But... reducing resistance increases current and depletes the battery quicker. I=V/R. Less of the battery's power is lost to generating heat through the unwanted resistance, but if the battery is rated at 2500 mAh, that's all you're going to get out of it.


----------



## cainvest (May 1, 2013)

Userkare said:


> No, you just think the battery life doubled. Unless you tested dozens of qualified batteries in a precise temperature controlled environment, and collected massive data points with sensitve instruments, you're being misled by factors you aren't considering.


100% agree that a controlled test would be needed to verify the results.



Userkare said:


> Placing it within the circuit loop, it can only act as a resistor, thereby reducing the current, and make the battery last longer. *BUT*... aluminum is a good conductor, so the resistance would be below trivial, and difficult to even measure. No way would it double the life, i.e. cut the current flow in half. The flashlight bulb would be dim.

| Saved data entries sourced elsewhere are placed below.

(* The function $h$ is well defined (distinct sequences $(\alpha_n)$ with $\alpha_n\in\Theta$ give distinct points of $D(h)$, each point of $D(h)$ having a unique nega-$q$-ary representation), $h$ is a bijection from $D(h)$ onto $E(h)=\{\Delta^{-q}_{\alpha_1\alpha_2\ldots}:\alpha_n\in\Theta\}$, and $h$ is continuous at every point of $D(h)$.
   Context: Let $q>3$ be an integer, fix $u\in\{0,1,\ldots,q-1\}$, and put $\Theta=\{1,2,\ldots,q-1\}\setminus\{u\}$. The nega-$q$-ary representation is $\Delta^{-q}_{\beta_1\beta_2\ldots}=\sum_{k\ge1}\frac{\beta_k}{(-q)^k}$, $\beta_k\in\{0,\ldots,q-1\}$. For a sequence $(\alpha_n)_{n\ge1}$ with $\alpha_n\in\Theta$, let $x((\alpha_n))$ be the number whose nega-$q$-ary digit string is the concatenation of the blocks $\underbrace{u\ldots u}_{\alpha_n-1}\alpha_n$ ($\alpha_n-1$ copies of $u$ followed by the digit $\alpha_n$), $n=1,2,\ldots$; equivalently $x=-\frac{u}{q+1}+\sum_{n\ge1}\frac{\alpha_n-u}{(-q)^{\alpha_1+\cdots+\alpha_n}}$. Let $D(h)$ be the set of all such $x$, and define $h:D(h)\to\mathbb R$ by $h(x)=\Delta^{-q}_{\alpha_1\alpha_2\ldots}=\sum_{n\ge1}\frac{\alpha_n}{(-q)^n}$. *)

theory Defs
  imports "HOL-Analysis.Analysis"
begin

text \<open>Digit sequences are 0-indexed: beta 0 is the first digit beta_1.
  Nega-q-ary value of a digit sequence.\<close>
definition negaq :: "nat \<Rightarrow> (nat \<Rightarrow> nat) \<Rightarrow> real" where
  "negaq q \<beta> = (\<Sum>k. real (\<beta> k) / (- real q) ^ (Suc k))"

definition Theta :: "nat \<Rightarrow> nat \<Rightarrow> nat set" where
  "Theta q u = {1..q-1} - {u}"

definition Seqs :: "nat \<Rightarrow> nat \<Rightarrow> (nat \<Rightarrow> nat) set" where
  "Seqs q u = {\<alpha>. \<forall>n. \<alpha> n \<in> Theta q u}"

definition psum :: "(nat \<Rightarrow> nat) \<Rightarrow> nat \<Rightarrow> nat" where
  "psum \<alpha> n = (\<Sum>i<n. \<alpha> i)"

text \<open>Concatenation of the blocks u...u alpha_n (alpha_n - 1 copies of u, then alpha_n):
  the digit at (1-based) position p is alpha_n if p = alpha_1+...+alpha_n, and u otherwise.
  Here index k (0-based) corresponds to position k+1.\<close>
definition blockdigits :: "nat \<Rightarrow> (nat \<Rightarrow> nat) \<Rightarrow> nat \<Rightarrow> nat" where
  "blockdigits u \<alpha> k =
     (if \<exists>n. psum \<alpha> (Suc n) = Suc k then \<alpha> (LEAST n. psum \<alpha> (Suc n) = Suc k) else u)"

definition xval :: "nat \<Rightarrow> nat \<Rightarrow> (nat \<Rightarrow> nat) \<Rightarrow> real" where
  "xval q u \<alpha> = negaq q (blockdigits u \<alpha>)"

definition Dh :: "nat \<Rightarrow> nat \<Rightarrow> real set" where
  "Dh q u = xval q u ` Seqs q u"

definition Eh :: "nat \<Rightarrow> nat \<Rightarrow> real set" where
  "Eh q u = negaq q ` Seqs q u"

definition h :: "nat \<Rightarrow> nat \<Rightarrow> real \<Rightarrow> real" where
  "h q u x = negaq q (THE \<alpha>. \<alpha> \<in> Seqs q u \<and> xval q u \<alpha> = x)"

end

theory Submission
  imports Defs
begin

text \<open>The values of all nega-\<open>q\<close>-ary digit sequences fill an interval of length 1, whose
  endpoints are attained only by sequences alternating between the digits \<open>0\<close> and \<open>q - 1\<close>.
  Comparing first differing digits, a sequence none of whose tails is extremal is therefore the
  only representation of its value, and every sequence with a nearby value shares a long prefix
  with it. Both \<open>\<alpha>\<close> and its block expansion are of this kind (for the blocks this needs
  \<open>q > 3\<close>), and the first \<open>\<alpha>\<^sub>1 + \<dots> + \<alpha>\<^sub>N\<close> block digits determine
  \<open>\<alpha>\<^sub>1, \<dots>, \<alpha>\<^sub>N\<close>. This yields injectivity and uniqueness of representations, and
  continuity of \<open>h\<close>: nearby points of \<open>D(h)\<close> have long common prefixes of block digits,
  hence of the \<open>\<alpha>\<close>'s, hence nearby images.\<close>

definition digit_seq :: "nat \<Rightarrow> (nat \<Rightarrow> nat) \<Rightarrow> bool" where
  "digit_seq q s \<longleftrightarrow> (\<forall>j. s j < q)"

text \<open>The weight \<open>1 / (-q) ^ Suc j\<close> of digit \<open>j\<close> is negative exactly for even \<open>j\<close>,
  so these two sequences minimise resp. maximise every term of \<open>negaq q\<close>.\<close>
definition min_digits :: "nat \<Rightarrow> nat \<Rightarrow> nat" where
  "min_digits q j = (if even j then q - 1 else 0)"

definition max_digits :: "nat \<Rightarrow> nat \<Rightarrow> nat" where
  "max_digits q j = (if odd j then q - 1 else 0)"

lemma digit_seq_shift: "digit_seq q s \<Longrightarrow> digit_seq q (\<lambda>i. s (i + N))"
  by (simp add: digit_seq_def)

lemma digit_seq_min_digits: "q > 0 \<Longrightarrow> digit_seq q (min_digits q)"
  and digit_seq_max_digits: "q > 0 \<Longrightarrow> digit_seq q (max_digits q)"
  by (auto simp: digit_seq_def min_digits_def max_digits_def)

lemma summable_negaq:
  assumes "digit_seq q s" "q > 1"
  shows "summable (\<lambda>k. real (s k) / (- real q) ^ Suc k)"
proof (rule summable_comparison_test'[OF summable_geometric[of "1 / real q"]])
  show "norm (1 / real q) < 1" using assms(2) by simp
  fix k
  have "real (s k) \<le> real q" using assms(1) by (simp add: digit_seq_def less_imp_le)
  then have "real (s k) / real q ^ Suc k \<le> real q / real q ^ Suc k"
    by (intro divide_right_mono) auto
  also have "\<dots> = (1 / real q) ^ k" using assms(2) by (simp add: power_divide)
  finally show "norm (real (s k) / (- real q) ^ Suc k) \<le> (1 / real q) ^ k"
    by (simp add: abs_mult power_abs)
qed

lemma negaq_shift:
  assumes "digit_seq q s" "q > 1"
  shows "negaq q s = (\<Sum>i<N. real (s i) / (- real q) ^ Suc i)
           + negaq q (\<lambda>i. s (i + N)) / (- real q) ^ N"
proof -
  have "negaq q s = (\<Sum>i. real (s (i + N)) / (- real q) ^ Suc (i + N))
          + (\<Sum>i<N. real (s i) / (- real q) ^ Suc i)"
    unfolding negaq_def by (rule suminf_split_initial_segment[OF summable_negaq[OF assms]])
  also have "(\<Sum>i. real (s (i + N)) / (- real q) ^ Suc (i + N))
           = (\<Sum>i. real (s (i + N)) / (- real q) ^ Suc i / (- real q) ^ N)"
    by (simp add: power_add mult.assoc)
  also have "\<dots> = negaq q (\<lambda>i. s (i + N)) / (- real q) ^ N"
    unfolding negaq_def
    by (rule suminf_divide[OF summable_negaq[OF digit_seq_shift[OF assms(1)] assms(2)]])
  finally show ?thesis by simp
qed

lemma negaq_first_digit:
  assumes "digit_seq q s" "q > 1"
  shows "negaq q s = (real (s 0) + negaq q (\<lambda>i. s (Suc i))) / - real q"
  using negaq_shift[OF assms, of 1] by (simp add: add_divide_distrib)

lemma negaq_common_prefix:
  assumes "digit_seq q a" "digit_seq q b" "q > 1" "\<forall>i<N. a i = b i"
  shows "negaq q a - negaq q b
           = (negaq q (\<lambda>i. a (i + N)) - negaq q (\<lambda>i. b (i + N))) / (- real q) ^ N"
  using negaq_shift[OF assms(1,3), of N] negaq_shift[OF assms(2,3), of N] assms(4)
  by (simp add: diff_divide_distrib)

lemma suminf_strict_mono:
  fixes f g :: "nat \<Rightarrow> real"
  assumes "summable f" "summable g" "\<And>n. f n \<le> g n" "f i < g i"
  shows "suminf f < suminf g"
proof -
  have "0 < (\<Sum>n. g n - f n)"
    using assms by (subst suminf_pos_iff) (auto intro: summable_diff)
  then show ?thesis using suminf_diff[OF assms(2,1)] by simp
qed

lemma negaq_term_le_max:
  assumes "d < q"
  shows "real d / (- real q) ^ Suc j \<le> real (max_digits q j) / (- real q) ^ Suc j"
    and "d \<noteq> max_digits q j \<Longrightarrow>
      real d / (- real q) ^ Suc j < real (max_digits q j) / (- real q) ^ Suc j"
  using assms by (cases "even j"; force simp: max_digits_def power_minus'
      intro: divide_right_mono divide_strict_right_mono)+

lemma negaq_term_ge_min:
  assumes "d < q"
  shows "real (min_digits q j) / (- real q) ^ Suc j \<le> real d / (- real q) ^ Suc j"
    and "d \<noteq> min_digits q j \<Longrightarrow>
      real (min_digits q j) / (- real q) ^ Suc j < real d / (- real q) ^ Suc j"
  using assms by (cases "even j"; force simp: min_digits_def power_minus'
      intro: divide_right_mono divide_strict_right_mono)+

lemma negaq_le_max:
  assumes "digit_seq q s" "q > 1"
  shows "negaq q s \<le> negaq q (max_digits q)"
  unfolding negaq_def
  by (rule suminf_le[OF negaq_term_le_max(1) summable_negaq[OF assms]
        summable_negaq[OF digit_seq_max_digits assms(2)]])
    (use assms in \<open>auto simp: digit_seq_def\<close>)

Actually it could reduce resistance between the battery and poor contact points. Many of those spring type AA holders are of poor quality and usually made of a steel type metal, not the best conductors. If only a small contact point is made between the battery and the spring it could limit the current/voltage to the device. Having the aluminum foil piece in there could increase the contact area that *might* help with this situation.

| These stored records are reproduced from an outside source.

theorem lemmaB39:
  fixes \<Gamma> :: env and c1 c2 c1' c2' :: "constr set"
    and \<phi>LL :: frame
    and \<beta> \<beta>' :: "nat \<Rightarrow> constr" and D D' :: "nat set"
  assumes "wf_env \<Gamma>"
    and "finite (dom \<phi>LL)" and "ran \<phi>LL = LL_range \<Gamma>"
    and "constraint_set c1" and "constraint_set c2"
    and "constraint_set c1'" and "constraint_set c2'"
    and "bij_betw \<beta> D (c1 \<union> c2)" and "D \<inter> dom \<phi>LL = {}"
    and "bij_betw \<beta>' D' (c1' \<union> c2')" and "D' \<inter> dom \<phi>LL = {}"
    and "steps \<Gamma> (c1, c2) (c1', c2')"
  shows "(\<forall>x \<in> dom (phi_l \<beta>' D'). \<exists>R. recipe R
            \<and> axvars R \<subseteq> dom (\<phi>LL ++ phi_l \<beta> D)
            \<and> phi_l \<beta>' D' x = eval (app_frame R (\<phi>LL ++ phi_l \<beta> D))
            \<and> phi_r \<beta>' D' x = eval (app_frame R (\<phi>LL ++ phi_r \<beta> D)))
       \<and> (\<forall>x \<in> dom (phi_l \<beta> D). \<exists>R. recipe R \<and> no_destr R
            \<and> axvars R \<subseteq> dom (\<phi>LL ++ phi_l \<beta>' D')
            \<and> phi_l \<beta> D x = Some (app_frame R (\<phi>LL ++ phi_l \<beta>' D'))
            \<and> phi_r \<beta> D x = Some (app_frame R (\<phi>LL ++ phi_r \<beta>' D')))"
proof -
  have keys: "LL_range \<Gamma> \<subseteq> shared_entries (\<phi>LL ++ phi_l \<gamma> E) (\<phi>LL ++ phi_r \<gamma> E) (dom \<phi>LL \<union> E)"
    if "E \<inter> dom \<phi>LL = {}" for \<gamma> E
    using ran_subset_shared_entries[of "phi_l \<gamma> E" \<phi>LL "phi_r \<gamma> E"] that assms(3) by auto
  have dom_frame: "dom (\<phi>LL ++ phi_l \<gamma> E) = dom \<phi>LL \<union> E" for \<gamma> E
    by auto
  have img: "\<beta> ` D = c1 \<union> c2" "\<beta>' ` D' = c1' \<union> c2'"
    using assms(8,10) by (simp_all add: bij_betw_imp_surj_on)
  have "constraint_set (c1 \<union> c2)"
    using assms(4,5) by (auto simp: constraint_set_def)
  then have "\<forall>p\<in>c1 \<union> c2. deducible (\<phi>LL ++ phi_l \<beta> D) (\<phi>LL ++ phi_r \<beta> D) (dom \<phi>LL \<union> D) p"
    using constraints_deducible_in_own_frames img(1) assms(9) by blast
  then have "\<forall>p\<in>c1' \<union> c2'. deducible (\<phi>LL ++ phi_l \<beta> D) (\<phi>LL ++ phi_r \<beta> D) (dom \<phi>LL \<union> D) p"
    using steps_preserve_deducible[OF assms(12) keys[OF assms(9)]] by blast
  then have forward: "\<forall>x \<in> dom (phi_l \<beta>' D'). \<exists>R. recipe R \<and> axvars R \<subseteq> dom \<phi>LL \<union> D
      \<and> phi_l \<beta>' D' x = eval (app_frame R (\<phi>LL ++ phi_l \<beta> D))
      \<and> phi_r \<beta>' D' x = eval (app_frame R (\<phi>LL ++ phi_r \<beta> D))"
    using frame_entry_deducible img(2) by blast
  have "\<forall>p\<in>c1' \<union> c2'.
      constructible (\<phi>LL ++ phi_l \<beta>' D') (\<phi>LL ++ phi_r \<beta>' D') (dom \<phi>LL \<union> D') p"
    using constraints_constructible_in_own_frames img(2) by blast
  then have "\<forall>p\<in>c1 \<union> c2.
      constructible (\<phi>LL ++ phi_l \<beta>' D') (\<phi>LL ++ phi_r \<beta>' D') (dom \<phi>LL \<union> D') p"
    using steps_reflect_constructible[OF assms(12) keys[OF assms(11)]] by blast
  then have backward: "\<forall>x \<in> dom (phi_l \<beta> D). \<exists>R. recipe R \<and> no_destr R
      \<and> axvars R \<subseteq> dom \<phi>LL \<union> D'
      \<and> phi_l \<beta> D x = Some (app_frame R (\<phi>LL ++ phi_l \<beta>' D'))
      \<and> phi_r \<beta> D x = Some (app_frame R (\<phi>LL ++ phi_r \<beta>' D'))"
    using frame_entry_constructible img(1) by blast
  show ?thesis
    unfolding dom_frame using forward backward by blast
qed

A common example of this is with car batteries and poor connections to the battery posts, usually caused by them being loose or corrosion. This applies to small devices as well and the contacts can normally be "refreshed" with a little sand paper if corrosion is present. After ten years of use my hand held GPS required a little sand paper touch up last year, has been operating fine ever since.


----------



## Userkare (Nov 17, 2014)

cainvest said:


> 100% agree that a controlled test would be needed to verify the results.
> 
> 
> Actually it could reduce resistance between the battery and poor contact points. Many of those spring type AA holders are of poor quality and usually made of a steel type metal, not the best conductors. If only a small contact point is made between the battery and the spring it could limit the current/voltage to the device. Having the aluminum foil piece in there could increase the contact area that *might* help with this situation.
> ...



One more time.... Ohms law states that Current = Voltage divided by Resistance ( I = V/R ). Any decrease in resistance will increase current. Cleaning the contacts with a commercial electrical contact cleaner will eliminate the superflous resistance of dirt / corrosion on contacts. This is not done to increase battery life, but to allow the full charge of the battery to power the load, and not be wasted in heating the resistive dirt. The battery can only provide as much power as it is rated for, measured in ampere hours, or milliampere hours for small batteries. Period!!!!!!!!


----------



## cainvest (May 1, 2013)

Userkare said:


> One more time.... Ohms law states that Current = Voltage divided by Resistance ( I = V/R ). Any decrease in resistance will increase current. Cleaning the contacts with a commercial electrical contact cleaner will eliminate the superflous resistance of dirt / corrosion on contacts. This is not done to increase battery life, but to allow the full charge of the battery to power the load, and not be wasted in heating the resistive dirt.


Exactly, a better contact will lead to less wasted power. As I said, a clean contact and/or increasing the size of the contact area will lower the resistance.


----------



## Userkare (Nov 17, 2014)

cainvest said:


> Exactly, a better contact will lead to less wasted power. As I said, a clean contact and/or increasing the size of the contact area will lower the resistance.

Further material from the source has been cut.